Find the slope of the equation. Differentiation.

Answer 1

\[x^4-2x^2-x\]

Answer 2

Do I keep reducing the equation with differentiation?

Answer 3

You can apply power rule

Answer 4

\[\frac{ d }{ dx }x^n = nx^{n-1}\]

Answer 5

You want to find the "slope", or rather a "function that generates slope" (the "derivative of the function".)

yes, apply the power rule to each term.

Answer 6

the slope will be 24x when using differentiation rules 3 times?

Answer 7

Why are you differentiating 3 times ?

Answer 8

You only need to take the derivative once for the slope.

Answer 9

Yeah, you have to apply it to each term not 3 times

Answer 10

\[y' = 4x^3+4x-1\]

Answer 11

And you're done

Answer 12

what would be the slope? the entire equation?

Answer 13

If you want to find a slope at a point (say x=2), then plug in 2 for x.
\(\color{#000000 }{ \displaystyle f'(x)=4x^3+4x-1 }\)
\(\color{#000000 }{ \displaystyle f'(2)=4(2)^3+4(2)-1 =39}\)

Answer 14

Only have to differentiate once to find slope/tangent line

Answer 15

So, yes, the entire equation is the slope.

Answer 16

You forgot, it is -4x.

Answer 17

\(\color{#000000 }{ \displaystyle f'(x)=4x^3-4x-1 }\)

Answer 18

oh the original equation is \[x^4+2x^2-x\]

Answer 19

Oh, ok ...

Answer 20

In order to find the equation of the tangent line to the curve at the given point ( 1, 2).
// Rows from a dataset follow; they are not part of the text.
text \<open>The parameter D stands for the ambient dimension d.\<close>

locale beta_moment_recursion = prob_space +
  fixes X :: "'a \<Rightarrow> real" and m D :: nat
  assumes X_measurable[measurable]: "X \<in> borel_measurable M"
    and X_unit_interval: "AE z in M. 0 \<le> X z \<and> X z \<le> 1"
    and moment_Suc: "\<And>n. expectation (\<lambda>z. X z ^ Suc n)
          = (real m/2 + n)/(real m/2 + (real D - real m)/2 + n) * expectation (\<lambda>z. X z ^ n)"
    and m_pos: "1 \<le> m" and m_le_D: "m \<le> D" and D_ge_2: "2 \<le> D"
begin

definition q :: real where "q = real m / real D"

lemma q_pos: "q > 0" and q_le_1: "q \<le> 1"
  using m_pos m_le_D D_ge_2 by (auto simp: q_def)

lemma integrable_continuous_X:
  fixes f :: "real \<Rightarrow> real"
  assumes "continuous_on UNIV f"
  shows "integrable M (\<lambda>z. f (X z))"
proof -
  obtain B where B: "\<forall>x\<in>{0..1}. norm (f x) \<le> B"
    using continuous_on_bounded_on_compact[OF assms compact_Icc] by blast
  have "f \<in> borel_measurable borel" by (rule borel_measurable_continuous_onI[OF assms])
  then show ?thesis
    by (intro integrable_const_bound[where B=B]) (use X_unit_interval B in \<open>auto elim: AE_mp\<close>)
qed

lemma moment_nonneg: "expectation (\<lambda>z. X z ^ n) \<ge> 0"
  by (rule integral_nonneg_AE) (use X_unit_interval in \<open>auto elim: AE_mp\<close>)

lemma moment_le_odd_dfact: "expectation (\<lambda>z. X z ^ n) \<le> q ^ n * odd_dfact n"
proof (induction n)
  case 0 then show ?case by (simp add: odd_dfact_def prob_space)
next
  case (Suc n)
  have ratio: "(real m/2 + n)/(real m/2 + (real D - real m)/2 + n) \<le> q * (2 * real n + 1)"
  proof -
    have "(real m/2 + n)/(real m/2 + (real D - real m)/2 + n) = (real m/2 + n) / (real D/2 + n)"
      by (simp add: field_simps)
    also have "\<dots> \<le> (real m/2 + n) / (real D/2)"
      using D_ge_2 by (intro divide_left_mono) auto
    also have "\<dots> = (real m + 2*n) / real D" using D_ge_2 by (simp add: field_simps)
    also have "\<dots> \<le> q * (2 * real n + 1)"
    proof -
      have "real n \<le> real m * real n" using mult_right_mono[of 1 "real m" "real n"] m_pos by simp
      then show ?thesis using m_pos D_ge_2 by (simp add: q_def field_simps)
    qed
    finally show ?thesis .
  qed
  have "expectation (\<lambda>z. X z ^ Suc n) \<le> q * (2 * real n + 1) * expectation (\<lambda>z. X z ^ n)"
    unfolding moment_Suc by (rule mult_right_mono[OF ratio moment_nonneg])
  also have "\<dots> \<le> q * (2 * real n + 1) * (q ^ n * odd_dfact n)"
    using Suc.IH q_pos by (intro mult_left_mono) auto
  also have "\<dots> = q ^ Suc n * odd_dfact (Suc n)" by (simp add: odd_dfact_Suc)
  finally show ?case .
qed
I would use the point-slope form?

Answer 21

Yes.

`Step  1  .`
Plug in x=1 into the derivative, to find the slope at x=1.
(Since derivative generates/is the slope of the function)

`Step  2  .`
Plug in the point (1,2) into the point slope form, with the
slope from step 1.

Answer 22

I can give you a similar example-problem as well, if you like ...

Answer 23

so slope m would be \[y'(1) = 4(1)^3+4(1)-1 = 4 + 4 - 1 = 7\]?

Answer 24

Yes, precisely!

Answer 25

Okay, I got it now. I'm used to finding slopes from equations like y = mx + b.
I can handle the rest now. :)

Answer 26

Alrighty ... good luck!